Your assignment → Below are the entries; return every line among them that holds the word "only".

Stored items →

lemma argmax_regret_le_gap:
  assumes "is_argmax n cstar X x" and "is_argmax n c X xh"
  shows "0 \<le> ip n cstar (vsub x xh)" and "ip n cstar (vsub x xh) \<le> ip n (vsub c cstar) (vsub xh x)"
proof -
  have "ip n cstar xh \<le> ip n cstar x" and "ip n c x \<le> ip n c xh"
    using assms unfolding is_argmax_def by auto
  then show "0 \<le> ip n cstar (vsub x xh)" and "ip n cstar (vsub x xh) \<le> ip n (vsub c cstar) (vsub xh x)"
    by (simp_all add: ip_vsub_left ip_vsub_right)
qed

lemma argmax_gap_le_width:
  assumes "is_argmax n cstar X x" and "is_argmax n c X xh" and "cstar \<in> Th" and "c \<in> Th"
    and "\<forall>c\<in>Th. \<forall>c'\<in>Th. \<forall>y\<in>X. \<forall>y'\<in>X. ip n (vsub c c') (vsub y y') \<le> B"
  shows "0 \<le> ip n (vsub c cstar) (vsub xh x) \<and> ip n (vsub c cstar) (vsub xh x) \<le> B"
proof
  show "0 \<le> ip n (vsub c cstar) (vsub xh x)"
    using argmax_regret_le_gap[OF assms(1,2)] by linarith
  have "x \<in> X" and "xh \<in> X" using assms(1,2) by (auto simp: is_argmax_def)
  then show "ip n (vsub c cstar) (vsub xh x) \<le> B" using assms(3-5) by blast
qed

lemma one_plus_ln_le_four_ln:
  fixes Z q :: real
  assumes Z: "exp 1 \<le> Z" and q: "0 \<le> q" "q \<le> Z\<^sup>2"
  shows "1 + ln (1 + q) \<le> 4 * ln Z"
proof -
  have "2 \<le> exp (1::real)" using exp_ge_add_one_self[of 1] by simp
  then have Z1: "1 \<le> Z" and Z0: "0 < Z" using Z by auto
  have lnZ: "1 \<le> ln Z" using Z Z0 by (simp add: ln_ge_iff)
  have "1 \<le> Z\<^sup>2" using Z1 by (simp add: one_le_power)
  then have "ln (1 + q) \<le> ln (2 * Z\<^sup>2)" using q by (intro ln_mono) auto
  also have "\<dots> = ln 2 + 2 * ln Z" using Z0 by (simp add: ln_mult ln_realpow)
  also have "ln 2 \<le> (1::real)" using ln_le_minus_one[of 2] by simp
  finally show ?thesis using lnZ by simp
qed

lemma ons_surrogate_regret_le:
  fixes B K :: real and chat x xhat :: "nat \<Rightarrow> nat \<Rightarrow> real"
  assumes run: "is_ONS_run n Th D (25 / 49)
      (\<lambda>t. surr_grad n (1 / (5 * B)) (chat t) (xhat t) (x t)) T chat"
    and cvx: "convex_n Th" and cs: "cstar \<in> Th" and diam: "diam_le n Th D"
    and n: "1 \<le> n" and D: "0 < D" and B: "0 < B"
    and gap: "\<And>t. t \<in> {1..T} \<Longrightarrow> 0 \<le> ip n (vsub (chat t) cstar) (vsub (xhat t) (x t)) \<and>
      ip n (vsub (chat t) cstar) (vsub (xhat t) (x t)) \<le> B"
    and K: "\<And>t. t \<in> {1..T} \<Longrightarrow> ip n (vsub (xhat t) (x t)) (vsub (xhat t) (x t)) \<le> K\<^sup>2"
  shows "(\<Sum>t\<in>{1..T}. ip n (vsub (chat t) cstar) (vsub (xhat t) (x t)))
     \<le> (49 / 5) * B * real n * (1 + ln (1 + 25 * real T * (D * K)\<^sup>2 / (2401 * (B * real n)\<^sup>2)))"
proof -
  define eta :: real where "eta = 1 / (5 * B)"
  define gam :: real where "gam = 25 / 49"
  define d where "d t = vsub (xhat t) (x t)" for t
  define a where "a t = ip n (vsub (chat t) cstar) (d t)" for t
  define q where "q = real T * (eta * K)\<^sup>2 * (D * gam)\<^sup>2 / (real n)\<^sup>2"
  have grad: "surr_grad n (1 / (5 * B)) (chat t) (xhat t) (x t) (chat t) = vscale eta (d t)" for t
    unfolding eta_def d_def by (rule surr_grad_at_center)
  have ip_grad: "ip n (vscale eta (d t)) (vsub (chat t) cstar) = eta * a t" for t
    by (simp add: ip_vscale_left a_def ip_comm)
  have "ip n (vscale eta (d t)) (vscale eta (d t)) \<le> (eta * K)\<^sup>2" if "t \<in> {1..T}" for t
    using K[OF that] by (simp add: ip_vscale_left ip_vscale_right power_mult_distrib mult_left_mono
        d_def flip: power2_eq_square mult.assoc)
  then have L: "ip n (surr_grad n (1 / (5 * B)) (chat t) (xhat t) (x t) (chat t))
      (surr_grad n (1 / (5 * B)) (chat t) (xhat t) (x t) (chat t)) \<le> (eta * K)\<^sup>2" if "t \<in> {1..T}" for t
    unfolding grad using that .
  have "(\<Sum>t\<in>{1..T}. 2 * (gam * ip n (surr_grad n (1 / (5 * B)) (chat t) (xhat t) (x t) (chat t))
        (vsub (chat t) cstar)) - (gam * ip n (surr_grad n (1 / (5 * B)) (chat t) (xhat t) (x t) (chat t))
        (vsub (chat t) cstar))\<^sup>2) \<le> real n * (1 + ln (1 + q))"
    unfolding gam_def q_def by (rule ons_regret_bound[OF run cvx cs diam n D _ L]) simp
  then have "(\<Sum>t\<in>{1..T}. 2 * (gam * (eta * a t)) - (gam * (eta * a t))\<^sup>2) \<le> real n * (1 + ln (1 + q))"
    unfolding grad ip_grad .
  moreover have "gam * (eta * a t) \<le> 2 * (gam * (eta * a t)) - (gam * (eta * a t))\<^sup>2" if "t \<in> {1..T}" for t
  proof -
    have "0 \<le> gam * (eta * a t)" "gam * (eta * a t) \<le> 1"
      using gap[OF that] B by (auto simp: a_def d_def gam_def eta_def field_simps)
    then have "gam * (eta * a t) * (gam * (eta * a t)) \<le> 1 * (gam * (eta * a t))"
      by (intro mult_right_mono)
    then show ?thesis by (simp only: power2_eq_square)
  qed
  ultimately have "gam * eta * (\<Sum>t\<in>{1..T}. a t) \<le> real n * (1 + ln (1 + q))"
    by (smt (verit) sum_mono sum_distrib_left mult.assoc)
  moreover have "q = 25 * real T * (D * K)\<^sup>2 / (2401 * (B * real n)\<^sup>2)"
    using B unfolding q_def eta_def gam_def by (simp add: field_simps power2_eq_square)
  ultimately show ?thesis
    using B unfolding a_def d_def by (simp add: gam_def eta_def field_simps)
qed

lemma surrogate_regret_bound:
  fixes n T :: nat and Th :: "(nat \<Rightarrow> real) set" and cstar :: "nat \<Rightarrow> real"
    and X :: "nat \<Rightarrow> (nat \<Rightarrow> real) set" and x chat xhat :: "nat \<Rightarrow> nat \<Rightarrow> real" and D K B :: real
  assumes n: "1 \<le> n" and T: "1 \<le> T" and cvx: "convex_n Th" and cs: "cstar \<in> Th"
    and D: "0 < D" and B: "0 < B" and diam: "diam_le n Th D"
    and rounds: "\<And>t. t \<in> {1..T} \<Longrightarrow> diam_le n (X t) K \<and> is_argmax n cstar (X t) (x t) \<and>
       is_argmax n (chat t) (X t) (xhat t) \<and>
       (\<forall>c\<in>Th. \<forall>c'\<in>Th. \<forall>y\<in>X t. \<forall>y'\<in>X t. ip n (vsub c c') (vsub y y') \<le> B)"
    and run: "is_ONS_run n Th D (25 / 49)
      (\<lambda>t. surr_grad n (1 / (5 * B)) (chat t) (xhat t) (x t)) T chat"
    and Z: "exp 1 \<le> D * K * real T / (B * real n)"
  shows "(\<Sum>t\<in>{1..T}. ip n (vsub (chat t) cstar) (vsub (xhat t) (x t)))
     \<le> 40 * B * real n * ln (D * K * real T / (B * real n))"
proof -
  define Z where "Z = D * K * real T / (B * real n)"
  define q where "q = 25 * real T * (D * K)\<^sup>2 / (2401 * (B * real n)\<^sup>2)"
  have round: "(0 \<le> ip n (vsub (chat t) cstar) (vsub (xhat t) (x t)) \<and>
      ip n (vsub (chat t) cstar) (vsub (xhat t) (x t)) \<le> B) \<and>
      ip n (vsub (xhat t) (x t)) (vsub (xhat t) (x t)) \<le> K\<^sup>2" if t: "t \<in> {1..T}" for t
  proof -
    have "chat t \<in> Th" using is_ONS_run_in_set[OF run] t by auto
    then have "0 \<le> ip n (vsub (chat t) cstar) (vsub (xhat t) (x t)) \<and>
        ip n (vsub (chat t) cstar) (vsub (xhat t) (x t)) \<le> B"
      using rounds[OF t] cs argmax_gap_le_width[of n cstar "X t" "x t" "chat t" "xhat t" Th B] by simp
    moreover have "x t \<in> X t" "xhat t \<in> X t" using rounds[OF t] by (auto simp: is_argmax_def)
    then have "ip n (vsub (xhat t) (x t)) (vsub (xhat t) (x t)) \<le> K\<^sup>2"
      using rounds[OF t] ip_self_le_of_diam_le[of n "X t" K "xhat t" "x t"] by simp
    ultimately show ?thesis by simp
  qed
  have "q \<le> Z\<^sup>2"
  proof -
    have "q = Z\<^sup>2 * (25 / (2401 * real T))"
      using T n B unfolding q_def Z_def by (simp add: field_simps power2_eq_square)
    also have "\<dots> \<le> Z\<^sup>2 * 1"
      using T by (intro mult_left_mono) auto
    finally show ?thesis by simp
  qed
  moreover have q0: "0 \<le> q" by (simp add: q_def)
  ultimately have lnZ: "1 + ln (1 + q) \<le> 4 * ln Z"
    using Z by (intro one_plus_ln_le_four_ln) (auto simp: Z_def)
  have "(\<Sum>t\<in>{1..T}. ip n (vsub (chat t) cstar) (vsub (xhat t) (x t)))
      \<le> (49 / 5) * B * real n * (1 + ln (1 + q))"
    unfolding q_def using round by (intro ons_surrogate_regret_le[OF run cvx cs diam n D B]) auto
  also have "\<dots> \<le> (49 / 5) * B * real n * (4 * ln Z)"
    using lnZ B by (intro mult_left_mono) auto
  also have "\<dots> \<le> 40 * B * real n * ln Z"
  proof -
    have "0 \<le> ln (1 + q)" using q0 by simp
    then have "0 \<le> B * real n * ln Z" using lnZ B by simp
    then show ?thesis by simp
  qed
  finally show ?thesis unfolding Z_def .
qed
==
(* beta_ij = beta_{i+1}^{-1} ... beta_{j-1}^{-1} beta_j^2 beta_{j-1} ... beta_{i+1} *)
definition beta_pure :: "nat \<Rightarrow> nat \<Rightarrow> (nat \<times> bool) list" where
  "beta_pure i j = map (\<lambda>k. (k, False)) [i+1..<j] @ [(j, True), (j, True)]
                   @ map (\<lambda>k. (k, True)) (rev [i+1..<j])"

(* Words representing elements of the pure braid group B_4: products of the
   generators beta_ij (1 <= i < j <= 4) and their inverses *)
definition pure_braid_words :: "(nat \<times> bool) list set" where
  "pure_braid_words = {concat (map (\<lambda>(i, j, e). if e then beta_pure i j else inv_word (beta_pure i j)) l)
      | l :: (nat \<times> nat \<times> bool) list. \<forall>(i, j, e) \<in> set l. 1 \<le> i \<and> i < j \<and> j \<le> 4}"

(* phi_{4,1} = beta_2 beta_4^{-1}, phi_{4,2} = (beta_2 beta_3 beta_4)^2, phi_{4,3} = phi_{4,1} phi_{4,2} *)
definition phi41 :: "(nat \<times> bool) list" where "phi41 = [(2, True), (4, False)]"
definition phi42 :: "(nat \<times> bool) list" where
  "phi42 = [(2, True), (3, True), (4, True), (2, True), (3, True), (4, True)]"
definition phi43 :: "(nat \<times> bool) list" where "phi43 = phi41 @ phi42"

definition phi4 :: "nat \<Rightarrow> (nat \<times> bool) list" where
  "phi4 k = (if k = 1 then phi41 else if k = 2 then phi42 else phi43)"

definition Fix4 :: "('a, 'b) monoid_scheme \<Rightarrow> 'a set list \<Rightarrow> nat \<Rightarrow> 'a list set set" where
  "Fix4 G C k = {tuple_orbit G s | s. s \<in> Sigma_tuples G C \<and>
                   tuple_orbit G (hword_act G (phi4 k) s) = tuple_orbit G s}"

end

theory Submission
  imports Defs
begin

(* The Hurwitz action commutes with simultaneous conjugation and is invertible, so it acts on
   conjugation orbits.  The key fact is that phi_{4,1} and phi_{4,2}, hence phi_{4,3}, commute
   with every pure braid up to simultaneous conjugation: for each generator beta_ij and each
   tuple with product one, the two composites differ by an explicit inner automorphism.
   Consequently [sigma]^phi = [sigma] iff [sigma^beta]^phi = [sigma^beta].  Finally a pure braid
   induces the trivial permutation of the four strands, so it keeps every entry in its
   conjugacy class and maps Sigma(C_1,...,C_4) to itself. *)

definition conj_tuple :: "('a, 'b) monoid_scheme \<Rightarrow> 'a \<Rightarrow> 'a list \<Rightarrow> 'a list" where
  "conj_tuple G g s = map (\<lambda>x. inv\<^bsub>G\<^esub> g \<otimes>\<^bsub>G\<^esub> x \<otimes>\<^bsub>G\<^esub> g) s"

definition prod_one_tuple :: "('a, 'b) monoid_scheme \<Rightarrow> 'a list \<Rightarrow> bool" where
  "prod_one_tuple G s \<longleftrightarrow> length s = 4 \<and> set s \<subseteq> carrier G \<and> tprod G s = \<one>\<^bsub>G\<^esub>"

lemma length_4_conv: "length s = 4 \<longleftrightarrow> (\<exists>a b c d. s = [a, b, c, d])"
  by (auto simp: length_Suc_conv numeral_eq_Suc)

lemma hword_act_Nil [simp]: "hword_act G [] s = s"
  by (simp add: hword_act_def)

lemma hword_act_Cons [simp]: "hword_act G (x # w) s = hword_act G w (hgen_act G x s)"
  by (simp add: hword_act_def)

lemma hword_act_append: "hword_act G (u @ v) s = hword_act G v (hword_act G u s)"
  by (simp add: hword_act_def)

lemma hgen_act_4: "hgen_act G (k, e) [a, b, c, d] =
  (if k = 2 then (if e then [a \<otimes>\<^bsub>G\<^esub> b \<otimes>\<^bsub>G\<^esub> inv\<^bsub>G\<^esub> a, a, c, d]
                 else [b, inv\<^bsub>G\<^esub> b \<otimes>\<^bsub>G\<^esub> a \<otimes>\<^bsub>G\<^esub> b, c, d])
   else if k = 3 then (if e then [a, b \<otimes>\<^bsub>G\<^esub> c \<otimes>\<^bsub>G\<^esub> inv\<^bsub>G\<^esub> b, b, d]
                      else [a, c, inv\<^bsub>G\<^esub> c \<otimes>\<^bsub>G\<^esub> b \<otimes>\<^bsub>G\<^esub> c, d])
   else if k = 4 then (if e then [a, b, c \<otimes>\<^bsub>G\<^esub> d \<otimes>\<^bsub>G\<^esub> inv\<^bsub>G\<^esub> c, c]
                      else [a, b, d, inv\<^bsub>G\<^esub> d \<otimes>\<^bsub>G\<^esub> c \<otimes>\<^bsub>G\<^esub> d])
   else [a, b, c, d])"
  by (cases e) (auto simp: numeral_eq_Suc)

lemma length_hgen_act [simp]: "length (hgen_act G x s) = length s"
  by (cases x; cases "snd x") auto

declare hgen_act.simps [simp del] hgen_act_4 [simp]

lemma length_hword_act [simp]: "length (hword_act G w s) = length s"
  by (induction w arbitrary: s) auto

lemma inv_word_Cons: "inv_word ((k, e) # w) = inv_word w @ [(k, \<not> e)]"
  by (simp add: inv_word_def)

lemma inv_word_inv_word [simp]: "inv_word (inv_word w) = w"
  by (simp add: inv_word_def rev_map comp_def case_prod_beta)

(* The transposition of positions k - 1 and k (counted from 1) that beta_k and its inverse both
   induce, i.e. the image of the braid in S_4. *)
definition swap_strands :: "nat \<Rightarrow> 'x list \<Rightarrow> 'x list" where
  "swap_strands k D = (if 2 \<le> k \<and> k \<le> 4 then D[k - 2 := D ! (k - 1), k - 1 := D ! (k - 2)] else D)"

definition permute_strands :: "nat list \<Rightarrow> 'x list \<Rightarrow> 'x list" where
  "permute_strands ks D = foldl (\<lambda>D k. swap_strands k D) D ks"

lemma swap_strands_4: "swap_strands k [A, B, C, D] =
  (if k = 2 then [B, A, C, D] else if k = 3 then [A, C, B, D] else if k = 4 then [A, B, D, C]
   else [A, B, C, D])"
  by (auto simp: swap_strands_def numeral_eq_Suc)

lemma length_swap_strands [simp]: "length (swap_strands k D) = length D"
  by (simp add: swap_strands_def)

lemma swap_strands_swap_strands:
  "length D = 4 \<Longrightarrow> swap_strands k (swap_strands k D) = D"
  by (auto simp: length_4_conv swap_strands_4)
* * *
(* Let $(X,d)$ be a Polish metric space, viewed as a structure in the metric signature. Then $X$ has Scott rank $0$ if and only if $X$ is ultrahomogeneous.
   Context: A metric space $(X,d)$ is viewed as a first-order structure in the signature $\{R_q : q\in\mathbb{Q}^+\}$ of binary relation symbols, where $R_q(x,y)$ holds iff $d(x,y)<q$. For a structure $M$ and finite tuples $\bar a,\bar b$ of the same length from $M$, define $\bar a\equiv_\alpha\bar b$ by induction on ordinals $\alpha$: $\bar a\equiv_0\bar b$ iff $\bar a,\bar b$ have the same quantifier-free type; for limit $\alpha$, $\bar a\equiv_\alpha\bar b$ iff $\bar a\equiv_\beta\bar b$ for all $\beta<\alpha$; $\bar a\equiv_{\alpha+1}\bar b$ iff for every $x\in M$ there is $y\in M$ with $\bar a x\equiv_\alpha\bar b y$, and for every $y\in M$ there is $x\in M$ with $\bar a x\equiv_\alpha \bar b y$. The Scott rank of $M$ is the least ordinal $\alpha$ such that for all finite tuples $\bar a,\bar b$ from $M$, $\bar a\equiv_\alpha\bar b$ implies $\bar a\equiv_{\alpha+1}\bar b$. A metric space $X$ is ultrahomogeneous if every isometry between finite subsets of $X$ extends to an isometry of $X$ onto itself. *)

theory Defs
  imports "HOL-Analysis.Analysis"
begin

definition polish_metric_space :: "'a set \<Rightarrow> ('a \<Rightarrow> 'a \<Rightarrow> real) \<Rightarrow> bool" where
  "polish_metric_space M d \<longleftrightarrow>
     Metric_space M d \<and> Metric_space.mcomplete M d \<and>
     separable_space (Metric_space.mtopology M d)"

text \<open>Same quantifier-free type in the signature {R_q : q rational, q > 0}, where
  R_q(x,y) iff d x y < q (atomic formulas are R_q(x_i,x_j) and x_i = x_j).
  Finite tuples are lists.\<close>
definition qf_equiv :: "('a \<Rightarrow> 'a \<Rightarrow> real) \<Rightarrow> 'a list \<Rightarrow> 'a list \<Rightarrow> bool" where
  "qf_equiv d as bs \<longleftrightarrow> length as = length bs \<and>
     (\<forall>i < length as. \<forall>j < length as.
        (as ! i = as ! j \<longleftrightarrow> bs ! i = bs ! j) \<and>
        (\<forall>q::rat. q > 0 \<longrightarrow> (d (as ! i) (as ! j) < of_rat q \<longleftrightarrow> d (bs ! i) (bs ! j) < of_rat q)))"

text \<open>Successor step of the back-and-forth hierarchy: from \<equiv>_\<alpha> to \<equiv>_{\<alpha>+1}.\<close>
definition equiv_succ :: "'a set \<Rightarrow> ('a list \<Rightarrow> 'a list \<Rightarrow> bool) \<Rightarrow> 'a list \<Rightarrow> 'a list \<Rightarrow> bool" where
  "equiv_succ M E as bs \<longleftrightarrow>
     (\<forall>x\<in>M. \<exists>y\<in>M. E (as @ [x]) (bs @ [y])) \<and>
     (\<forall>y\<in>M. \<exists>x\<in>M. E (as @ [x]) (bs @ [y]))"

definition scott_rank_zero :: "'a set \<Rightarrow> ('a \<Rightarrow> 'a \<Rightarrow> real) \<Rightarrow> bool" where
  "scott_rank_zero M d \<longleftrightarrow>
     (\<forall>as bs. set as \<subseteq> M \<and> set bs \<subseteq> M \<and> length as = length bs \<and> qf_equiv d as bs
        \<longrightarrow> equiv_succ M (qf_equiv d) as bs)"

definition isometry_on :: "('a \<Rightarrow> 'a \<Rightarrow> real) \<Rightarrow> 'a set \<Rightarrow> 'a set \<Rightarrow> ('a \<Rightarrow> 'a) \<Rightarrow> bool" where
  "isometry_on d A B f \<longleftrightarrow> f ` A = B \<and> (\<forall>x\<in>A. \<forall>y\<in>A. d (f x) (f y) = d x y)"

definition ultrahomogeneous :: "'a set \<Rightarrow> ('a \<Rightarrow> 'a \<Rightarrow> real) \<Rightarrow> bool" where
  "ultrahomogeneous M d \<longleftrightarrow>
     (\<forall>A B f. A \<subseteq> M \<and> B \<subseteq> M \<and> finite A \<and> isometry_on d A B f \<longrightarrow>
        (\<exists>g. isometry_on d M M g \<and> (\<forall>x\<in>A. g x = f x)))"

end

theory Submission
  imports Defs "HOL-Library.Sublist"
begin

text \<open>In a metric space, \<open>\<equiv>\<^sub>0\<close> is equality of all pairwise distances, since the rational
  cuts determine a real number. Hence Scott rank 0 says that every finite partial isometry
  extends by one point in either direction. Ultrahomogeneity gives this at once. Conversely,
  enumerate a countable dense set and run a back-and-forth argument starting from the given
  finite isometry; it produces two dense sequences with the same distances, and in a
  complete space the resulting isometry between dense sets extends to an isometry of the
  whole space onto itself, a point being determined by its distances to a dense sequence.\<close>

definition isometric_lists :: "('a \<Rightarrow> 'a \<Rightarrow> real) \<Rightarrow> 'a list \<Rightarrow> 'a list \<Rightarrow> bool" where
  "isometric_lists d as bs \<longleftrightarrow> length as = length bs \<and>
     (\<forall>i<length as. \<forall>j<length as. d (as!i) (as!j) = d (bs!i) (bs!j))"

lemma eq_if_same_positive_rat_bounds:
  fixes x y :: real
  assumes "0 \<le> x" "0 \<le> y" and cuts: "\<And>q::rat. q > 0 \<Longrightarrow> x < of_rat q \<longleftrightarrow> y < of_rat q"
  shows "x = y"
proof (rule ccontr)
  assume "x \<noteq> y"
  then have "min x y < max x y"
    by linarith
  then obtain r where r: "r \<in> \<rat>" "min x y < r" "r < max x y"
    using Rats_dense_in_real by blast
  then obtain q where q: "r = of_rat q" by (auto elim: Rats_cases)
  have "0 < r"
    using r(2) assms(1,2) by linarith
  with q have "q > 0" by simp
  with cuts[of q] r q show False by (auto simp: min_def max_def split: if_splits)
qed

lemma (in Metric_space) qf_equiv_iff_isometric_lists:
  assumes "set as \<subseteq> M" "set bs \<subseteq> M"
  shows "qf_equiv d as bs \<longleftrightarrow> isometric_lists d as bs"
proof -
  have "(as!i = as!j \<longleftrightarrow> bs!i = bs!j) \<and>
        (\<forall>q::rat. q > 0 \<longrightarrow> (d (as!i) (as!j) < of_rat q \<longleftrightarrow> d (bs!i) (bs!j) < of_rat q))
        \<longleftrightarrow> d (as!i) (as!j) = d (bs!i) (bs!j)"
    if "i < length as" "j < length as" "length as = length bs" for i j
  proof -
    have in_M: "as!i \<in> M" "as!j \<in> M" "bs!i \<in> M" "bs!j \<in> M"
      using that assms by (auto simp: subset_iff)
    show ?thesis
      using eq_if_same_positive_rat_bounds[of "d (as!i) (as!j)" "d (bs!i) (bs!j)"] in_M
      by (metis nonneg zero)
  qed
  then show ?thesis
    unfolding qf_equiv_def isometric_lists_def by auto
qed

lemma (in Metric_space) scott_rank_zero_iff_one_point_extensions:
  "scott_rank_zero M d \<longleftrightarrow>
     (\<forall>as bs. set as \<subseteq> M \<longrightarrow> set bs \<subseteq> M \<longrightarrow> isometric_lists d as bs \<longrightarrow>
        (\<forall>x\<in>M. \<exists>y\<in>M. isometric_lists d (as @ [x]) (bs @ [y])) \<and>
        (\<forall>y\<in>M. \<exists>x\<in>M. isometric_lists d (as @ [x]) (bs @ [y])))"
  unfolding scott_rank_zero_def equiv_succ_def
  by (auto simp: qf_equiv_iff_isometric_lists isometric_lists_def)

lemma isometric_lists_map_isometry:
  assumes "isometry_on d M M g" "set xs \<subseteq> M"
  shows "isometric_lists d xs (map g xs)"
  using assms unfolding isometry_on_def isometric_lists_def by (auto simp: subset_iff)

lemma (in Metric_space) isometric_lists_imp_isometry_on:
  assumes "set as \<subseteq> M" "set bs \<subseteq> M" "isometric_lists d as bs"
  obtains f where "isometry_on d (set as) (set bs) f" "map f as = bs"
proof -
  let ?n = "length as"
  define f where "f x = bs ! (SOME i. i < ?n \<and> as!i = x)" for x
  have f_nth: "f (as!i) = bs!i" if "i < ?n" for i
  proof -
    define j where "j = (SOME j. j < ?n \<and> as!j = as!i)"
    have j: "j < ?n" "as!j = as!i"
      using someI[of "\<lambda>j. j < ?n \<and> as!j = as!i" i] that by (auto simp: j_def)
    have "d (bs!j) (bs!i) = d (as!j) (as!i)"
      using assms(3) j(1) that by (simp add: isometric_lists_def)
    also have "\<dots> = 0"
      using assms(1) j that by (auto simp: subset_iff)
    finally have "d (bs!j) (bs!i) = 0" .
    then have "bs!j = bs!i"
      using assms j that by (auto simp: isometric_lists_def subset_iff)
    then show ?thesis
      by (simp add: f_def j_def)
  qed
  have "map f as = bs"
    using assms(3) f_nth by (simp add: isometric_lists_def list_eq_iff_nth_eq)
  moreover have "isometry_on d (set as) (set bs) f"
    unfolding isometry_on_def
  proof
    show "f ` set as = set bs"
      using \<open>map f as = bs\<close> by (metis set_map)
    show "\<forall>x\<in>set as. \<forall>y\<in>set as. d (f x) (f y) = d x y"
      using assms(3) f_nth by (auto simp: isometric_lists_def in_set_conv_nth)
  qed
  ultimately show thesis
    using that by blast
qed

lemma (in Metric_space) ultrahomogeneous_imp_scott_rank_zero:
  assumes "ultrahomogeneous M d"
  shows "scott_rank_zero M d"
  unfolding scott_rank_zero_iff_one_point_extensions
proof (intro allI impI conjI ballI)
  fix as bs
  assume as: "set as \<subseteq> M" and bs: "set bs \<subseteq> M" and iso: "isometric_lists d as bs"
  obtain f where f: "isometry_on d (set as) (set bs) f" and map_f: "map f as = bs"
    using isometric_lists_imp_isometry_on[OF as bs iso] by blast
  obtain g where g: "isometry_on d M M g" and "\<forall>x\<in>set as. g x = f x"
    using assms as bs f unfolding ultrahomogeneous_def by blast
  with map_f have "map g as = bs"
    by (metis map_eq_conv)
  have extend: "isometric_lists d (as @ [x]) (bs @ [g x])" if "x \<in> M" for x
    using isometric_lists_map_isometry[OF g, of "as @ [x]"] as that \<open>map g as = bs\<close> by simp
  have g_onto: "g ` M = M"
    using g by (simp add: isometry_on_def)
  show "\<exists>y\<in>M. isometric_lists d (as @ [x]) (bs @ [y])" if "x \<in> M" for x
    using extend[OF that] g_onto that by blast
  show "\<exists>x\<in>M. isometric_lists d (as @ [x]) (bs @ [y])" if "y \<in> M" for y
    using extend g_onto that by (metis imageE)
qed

Exercise response →
    then show ?thesis by (simp only: power2_eq_square)
(* Let $(X,d)$ be a Polish metric space, viewed as a structure in the metric signature. Then $X$ has Scott rank $0$ if and only if $X$ is ultrahomogeneous.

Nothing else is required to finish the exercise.